### WHAT YOU HAVE TO DO
Look for the string "ultimately" in the data below, and copy each line that holds it.

[Dataset entries]
_ _ _ _ _ _ _

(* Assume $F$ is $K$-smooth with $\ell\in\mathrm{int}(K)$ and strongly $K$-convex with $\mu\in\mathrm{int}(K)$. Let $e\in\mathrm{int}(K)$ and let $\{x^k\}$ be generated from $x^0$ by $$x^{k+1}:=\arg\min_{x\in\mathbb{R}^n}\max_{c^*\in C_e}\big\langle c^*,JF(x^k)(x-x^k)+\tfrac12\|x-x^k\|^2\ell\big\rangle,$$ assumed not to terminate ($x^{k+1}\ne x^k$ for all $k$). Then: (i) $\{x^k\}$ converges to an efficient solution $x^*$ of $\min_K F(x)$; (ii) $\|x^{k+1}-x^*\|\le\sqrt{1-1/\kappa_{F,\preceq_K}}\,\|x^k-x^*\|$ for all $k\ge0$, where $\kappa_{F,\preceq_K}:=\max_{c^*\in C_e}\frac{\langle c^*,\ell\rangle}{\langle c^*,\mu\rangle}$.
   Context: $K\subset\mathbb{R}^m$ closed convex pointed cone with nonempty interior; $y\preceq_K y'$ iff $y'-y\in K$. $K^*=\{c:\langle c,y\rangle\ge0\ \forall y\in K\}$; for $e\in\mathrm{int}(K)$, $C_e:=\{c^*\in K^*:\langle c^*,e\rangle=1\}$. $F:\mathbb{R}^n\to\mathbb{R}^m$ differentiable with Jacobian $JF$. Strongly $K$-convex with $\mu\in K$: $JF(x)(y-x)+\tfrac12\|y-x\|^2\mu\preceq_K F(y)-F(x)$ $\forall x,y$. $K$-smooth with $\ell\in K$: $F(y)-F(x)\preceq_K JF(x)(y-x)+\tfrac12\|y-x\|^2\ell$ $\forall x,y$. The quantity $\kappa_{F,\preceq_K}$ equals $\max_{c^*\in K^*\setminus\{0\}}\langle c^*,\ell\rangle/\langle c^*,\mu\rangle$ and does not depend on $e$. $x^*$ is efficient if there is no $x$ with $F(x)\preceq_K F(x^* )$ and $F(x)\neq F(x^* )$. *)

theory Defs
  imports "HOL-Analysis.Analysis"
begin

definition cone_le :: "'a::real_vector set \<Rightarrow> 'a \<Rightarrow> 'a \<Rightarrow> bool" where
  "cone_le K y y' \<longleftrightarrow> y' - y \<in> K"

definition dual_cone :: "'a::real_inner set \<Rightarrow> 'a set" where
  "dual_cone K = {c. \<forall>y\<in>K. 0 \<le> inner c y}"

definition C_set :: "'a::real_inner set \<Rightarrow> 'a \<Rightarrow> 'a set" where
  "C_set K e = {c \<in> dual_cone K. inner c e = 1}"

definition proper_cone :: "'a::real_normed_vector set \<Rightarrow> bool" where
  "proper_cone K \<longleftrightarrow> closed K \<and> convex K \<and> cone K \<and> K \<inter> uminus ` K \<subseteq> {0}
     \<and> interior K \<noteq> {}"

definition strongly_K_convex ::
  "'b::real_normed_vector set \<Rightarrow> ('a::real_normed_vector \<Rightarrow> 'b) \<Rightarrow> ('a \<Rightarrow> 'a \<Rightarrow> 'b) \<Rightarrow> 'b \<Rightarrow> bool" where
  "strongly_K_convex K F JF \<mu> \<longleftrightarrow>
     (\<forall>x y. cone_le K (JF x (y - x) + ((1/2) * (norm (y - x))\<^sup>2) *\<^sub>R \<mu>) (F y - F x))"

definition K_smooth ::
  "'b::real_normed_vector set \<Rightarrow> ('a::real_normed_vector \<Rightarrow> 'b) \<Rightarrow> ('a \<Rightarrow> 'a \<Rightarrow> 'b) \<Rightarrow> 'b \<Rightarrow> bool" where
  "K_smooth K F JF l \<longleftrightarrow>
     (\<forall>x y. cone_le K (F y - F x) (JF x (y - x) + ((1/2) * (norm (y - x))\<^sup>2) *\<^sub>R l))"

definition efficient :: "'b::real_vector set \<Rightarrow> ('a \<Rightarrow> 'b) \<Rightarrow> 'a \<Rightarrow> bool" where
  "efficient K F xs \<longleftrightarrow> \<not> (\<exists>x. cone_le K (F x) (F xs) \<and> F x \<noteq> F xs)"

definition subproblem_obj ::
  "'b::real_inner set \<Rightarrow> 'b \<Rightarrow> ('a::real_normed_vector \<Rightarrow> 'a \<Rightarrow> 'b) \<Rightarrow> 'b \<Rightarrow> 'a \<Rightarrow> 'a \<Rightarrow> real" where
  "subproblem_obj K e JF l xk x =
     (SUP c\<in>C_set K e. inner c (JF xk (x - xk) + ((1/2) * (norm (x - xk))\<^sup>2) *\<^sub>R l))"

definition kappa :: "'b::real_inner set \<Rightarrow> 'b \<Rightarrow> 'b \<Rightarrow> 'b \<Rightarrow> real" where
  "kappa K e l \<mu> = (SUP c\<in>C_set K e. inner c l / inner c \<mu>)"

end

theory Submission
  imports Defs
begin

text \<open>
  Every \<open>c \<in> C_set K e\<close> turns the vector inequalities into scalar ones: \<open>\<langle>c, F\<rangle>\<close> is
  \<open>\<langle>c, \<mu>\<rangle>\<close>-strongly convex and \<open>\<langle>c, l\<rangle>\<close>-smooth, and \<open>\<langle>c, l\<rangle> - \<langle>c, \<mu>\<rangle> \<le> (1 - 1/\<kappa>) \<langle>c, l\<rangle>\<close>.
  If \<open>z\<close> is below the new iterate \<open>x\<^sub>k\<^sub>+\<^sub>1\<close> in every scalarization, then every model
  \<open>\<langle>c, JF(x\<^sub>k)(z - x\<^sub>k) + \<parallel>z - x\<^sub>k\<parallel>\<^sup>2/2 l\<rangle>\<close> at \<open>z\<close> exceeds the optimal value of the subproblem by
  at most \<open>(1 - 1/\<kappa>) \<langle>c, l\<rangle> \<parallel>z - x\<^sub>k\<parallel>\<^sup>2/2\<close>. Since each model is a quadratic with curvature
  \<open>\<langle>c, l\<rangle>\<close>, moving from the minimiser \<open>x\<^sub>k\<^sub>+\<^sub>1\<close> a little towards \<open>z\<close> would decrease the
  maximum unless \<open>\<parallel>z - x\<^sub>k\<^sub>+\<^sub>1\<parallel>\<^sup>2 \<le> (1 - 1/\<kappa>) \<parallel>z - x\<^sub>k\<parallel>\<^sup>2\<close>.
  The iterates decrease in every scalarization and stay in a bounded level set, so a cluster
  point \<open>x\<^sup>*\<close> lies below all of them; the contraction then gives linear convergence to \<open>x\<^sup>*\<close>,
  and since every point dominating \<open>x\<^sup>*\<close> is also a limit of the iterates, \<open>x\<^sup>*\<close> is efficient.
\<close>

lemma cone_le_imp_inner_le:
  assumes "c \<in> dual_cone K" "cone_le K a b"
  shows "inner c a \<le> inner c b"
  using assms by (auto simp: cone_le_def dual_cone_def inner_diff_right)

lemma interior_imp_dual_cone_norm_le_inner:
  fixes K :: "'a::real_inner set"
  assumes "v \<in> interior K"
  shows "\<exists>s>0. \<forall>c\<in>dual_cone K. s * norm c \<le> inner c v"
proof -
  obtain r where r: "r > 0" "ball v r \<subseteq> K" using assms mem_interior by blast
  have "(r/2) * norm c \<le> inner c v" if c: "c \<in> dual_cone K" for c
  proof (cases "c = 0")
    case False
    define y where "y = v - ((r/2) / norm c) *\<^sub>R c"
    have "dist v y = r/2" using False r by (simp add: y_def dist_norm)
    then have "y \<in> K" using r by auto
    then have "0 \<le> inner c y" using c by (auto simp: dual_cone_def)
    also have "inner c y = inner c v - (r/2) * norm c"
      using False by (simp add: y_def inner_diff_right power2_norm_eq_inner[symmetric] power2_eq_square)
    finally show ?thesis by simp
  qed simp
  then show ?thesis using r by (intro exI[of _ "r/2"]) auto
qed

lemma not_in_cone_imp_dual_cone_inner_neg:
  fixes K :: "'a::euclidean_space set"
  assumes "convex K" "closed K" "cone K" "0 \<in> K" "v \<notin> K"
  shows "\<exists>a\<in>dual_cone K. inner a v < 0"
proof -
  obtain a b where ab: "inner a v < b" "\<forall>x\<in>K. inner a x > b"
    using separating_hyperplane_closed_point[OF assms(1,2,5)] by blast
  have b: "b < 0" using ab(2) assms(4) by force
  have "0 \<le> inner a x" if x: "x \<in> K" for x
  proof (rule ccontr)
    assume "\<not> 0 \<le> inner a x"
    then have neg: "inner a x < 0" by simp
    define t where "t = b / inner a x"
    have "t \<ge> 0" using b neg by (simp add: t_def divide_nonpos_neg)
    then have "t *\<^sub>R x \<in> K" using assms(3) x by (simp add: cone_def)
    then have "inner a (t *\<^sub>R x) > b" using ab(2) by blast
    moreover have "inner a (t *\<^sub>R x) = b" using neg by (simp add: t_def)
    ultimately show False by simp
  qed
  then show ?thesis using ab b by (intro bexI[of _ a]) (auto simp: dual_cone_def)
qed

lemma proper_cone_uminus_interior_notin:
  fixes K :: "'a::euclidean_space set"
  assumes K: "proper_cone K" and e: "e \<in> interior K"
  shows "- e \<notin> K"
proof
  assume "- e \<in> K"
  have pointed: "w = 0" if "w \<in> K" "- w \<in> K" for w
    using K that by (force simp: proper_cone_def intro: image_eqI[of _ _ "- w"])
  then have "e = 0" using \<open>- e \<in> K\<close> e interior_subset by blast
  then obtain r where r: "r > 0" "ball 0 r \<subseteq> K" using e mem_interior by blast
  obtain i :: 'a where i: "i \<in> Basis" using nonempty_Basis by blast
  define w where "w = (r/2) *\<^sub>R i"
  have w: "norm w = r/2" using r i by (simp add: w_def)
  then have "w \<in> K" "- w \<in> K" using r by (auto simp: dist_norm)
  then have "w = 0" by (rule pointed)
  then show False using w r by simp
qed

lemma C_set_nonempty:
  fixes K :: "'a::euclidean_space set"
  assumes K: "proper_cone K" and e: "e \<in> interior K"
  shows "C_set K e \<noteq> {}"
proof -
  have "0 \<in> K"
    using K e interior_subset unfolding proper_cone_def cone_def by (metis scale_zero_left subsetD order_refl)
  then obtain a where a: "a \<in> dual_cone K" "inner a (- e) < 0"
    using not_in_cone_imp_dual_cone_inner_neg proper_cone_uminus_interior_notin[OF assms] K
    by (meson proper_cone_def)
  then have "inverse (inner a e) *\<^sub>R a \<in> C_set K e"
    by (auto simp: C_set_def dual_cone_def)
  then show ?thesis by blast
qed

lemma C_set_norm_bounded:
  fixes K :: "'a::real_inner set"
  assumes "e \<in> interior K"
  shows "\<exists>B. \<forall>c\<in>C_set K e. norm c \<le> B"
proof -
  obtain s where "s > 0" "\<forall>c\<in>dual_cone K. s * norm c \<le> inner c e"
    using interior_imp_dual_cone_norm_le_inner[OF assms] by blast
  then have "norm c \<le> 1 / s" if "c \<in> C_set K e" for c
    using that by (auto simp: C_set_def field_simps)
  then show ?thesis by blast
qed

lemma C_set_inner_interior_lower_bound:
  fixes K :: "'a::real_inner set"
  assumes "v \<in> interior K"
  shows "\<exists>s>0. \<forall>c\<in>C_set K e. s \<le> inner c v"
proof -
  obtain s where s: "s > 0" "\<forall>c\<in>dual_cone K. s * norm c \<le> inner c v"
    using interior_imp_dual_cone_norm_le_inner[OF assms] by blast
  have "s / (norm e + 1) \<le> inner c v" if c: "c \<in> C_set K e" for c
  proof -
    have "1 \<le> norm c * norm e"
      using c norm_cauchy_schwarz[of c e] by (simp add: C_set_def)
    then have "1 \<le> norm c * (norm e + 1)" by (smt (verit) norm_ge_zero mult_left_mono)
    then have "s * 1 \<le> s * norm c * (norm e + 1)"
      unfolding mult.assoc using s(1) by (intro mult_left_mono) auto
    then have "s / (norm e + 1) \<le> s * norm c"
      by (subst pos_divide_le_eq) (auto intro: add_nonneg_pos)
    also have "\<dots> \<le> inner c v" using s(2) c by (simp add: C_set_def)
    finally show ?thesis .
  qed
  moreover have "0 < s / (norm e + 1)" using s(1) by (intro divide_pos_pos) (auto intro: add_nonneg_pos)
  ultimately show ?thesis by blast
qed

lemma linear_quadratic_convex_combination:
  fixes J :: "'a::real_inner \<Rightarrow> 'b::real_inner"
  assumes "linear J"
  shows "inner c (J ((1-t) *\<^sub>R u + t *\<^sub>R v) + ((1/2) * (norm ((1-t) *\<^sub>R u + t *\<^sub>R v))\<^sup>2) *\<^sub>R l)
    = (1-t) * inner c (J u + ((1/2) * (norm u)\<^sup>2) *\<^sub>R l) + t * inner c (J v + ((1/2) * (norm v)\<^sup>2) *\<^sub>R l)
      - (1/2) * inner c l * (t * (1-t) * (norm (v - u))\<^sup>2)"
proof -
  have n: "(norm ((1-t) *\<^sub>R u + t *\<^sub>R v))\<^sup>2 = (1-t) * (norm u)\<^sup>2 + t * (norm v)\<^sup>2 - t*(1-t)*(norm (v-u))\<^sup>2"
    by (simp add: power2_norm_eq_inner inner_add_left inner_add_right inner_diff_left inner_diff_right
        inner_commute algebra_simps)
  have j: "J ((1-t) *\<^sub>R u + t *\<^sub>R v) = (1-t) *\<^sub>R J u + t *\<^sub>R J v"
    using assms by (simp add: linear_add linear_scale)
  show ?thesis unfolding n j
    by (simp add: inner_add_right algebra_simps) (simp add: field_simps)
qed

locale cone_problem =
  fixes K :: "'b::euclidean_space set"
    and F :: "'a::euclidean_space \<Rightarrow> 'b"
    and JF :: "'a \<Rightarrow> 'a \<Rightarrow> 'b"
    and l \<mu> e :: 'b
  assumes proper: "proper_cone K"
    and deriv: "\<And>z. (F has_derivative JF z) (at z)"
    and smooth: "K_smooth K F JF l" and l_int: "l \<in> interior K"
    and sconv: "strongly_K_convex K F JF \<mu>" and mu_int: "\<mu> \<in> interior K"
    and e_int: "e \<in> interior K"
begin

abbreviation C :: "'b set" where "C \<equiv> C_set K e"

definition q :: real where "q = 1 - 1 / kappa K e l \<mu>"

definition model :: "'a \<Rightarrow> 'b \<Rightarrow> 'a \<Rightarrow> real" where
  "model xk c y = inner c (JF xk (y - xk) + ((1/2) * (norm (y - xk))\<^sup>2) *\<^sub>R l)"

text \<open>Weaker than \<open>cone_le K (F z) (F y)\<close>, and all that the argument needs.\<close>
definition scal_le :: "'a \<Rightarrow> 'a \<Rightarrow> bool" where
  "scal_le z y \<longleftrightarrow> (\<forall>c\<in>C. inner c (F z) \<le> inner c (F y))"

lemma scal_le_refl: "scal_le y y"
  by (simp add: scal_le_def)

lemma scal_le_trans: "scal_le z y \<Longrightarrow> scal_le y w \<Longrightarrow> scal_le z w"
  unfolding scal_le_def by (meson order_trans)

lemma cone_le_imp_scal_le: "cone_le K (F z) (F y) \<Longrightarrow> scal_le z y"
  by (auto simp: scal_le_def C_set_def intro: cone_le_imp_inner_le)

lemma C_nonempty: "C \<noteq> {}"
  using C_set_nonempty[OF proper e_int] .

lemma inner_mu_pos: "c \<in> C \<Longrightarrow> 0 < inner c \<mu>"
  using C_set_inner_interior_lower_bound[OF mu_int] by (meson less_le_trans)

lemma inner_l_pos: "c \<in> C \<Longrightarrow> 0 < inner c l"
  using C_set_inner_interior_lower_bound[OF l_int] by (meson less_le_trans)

_ _ _ _ _ _ _

### RESULT FOR THIS EXERCISE
    ultimately show False by simp
  ultimately show ?thesis by blast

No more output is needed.